Work to complete:
Lines of the listing that contain "open" need to be copied.
□ □ □ □
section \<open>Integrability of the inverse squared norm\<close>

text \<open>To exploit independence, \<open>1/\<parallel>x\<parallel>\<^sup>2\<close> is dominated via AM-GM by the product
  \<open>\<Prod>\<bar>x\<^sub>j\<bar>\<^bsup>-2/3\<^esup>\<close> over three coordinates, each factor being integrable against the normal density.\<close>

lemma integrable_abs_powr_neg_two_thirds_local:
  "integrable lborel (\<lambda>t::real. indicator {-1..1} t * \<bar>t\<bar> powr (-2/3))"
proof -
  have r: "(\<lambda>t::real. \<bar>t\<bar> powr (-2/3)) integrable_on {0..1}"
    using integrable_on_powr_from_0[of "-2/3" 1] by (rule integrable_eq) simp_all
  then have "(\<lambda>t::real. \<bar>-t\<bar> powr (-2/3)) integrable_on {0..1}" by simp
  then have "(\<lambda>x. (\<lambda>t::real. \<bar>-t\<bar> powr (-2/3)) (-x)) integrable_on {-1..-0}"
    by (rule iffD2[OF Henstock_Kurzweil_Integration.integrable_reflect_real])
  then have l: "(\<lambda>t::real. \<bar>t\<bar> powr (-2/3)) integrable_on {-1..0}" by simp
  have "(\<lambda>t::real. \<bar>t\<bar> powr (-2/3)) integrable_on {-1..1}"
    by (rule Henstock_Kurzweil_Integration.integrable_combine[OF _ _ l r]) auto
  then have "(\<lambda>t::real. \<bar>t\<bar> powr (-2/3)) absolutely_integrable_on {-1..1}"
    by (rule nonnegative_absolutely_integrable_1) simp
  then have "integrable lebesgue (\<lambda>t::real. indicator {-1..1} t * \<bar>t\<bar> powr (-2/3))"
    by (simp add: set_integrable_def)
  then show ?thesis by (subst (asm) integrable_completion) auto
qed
□ □ □ □
Expected output:
section \<open>Integrability of the inverse squared norm\<close>
text \<open>To exploit independence, \<open>1/\<parallel>x\<parallel>\<^sup>2\<close> is dominated via AM-GM by the product
  \<open>\<Prod>\<bar>x\<^sub>j\<bar>\<^bsup>-2/3\<^esup>\<close> over three coordinates, each factor being integrable against the normal density.\<close>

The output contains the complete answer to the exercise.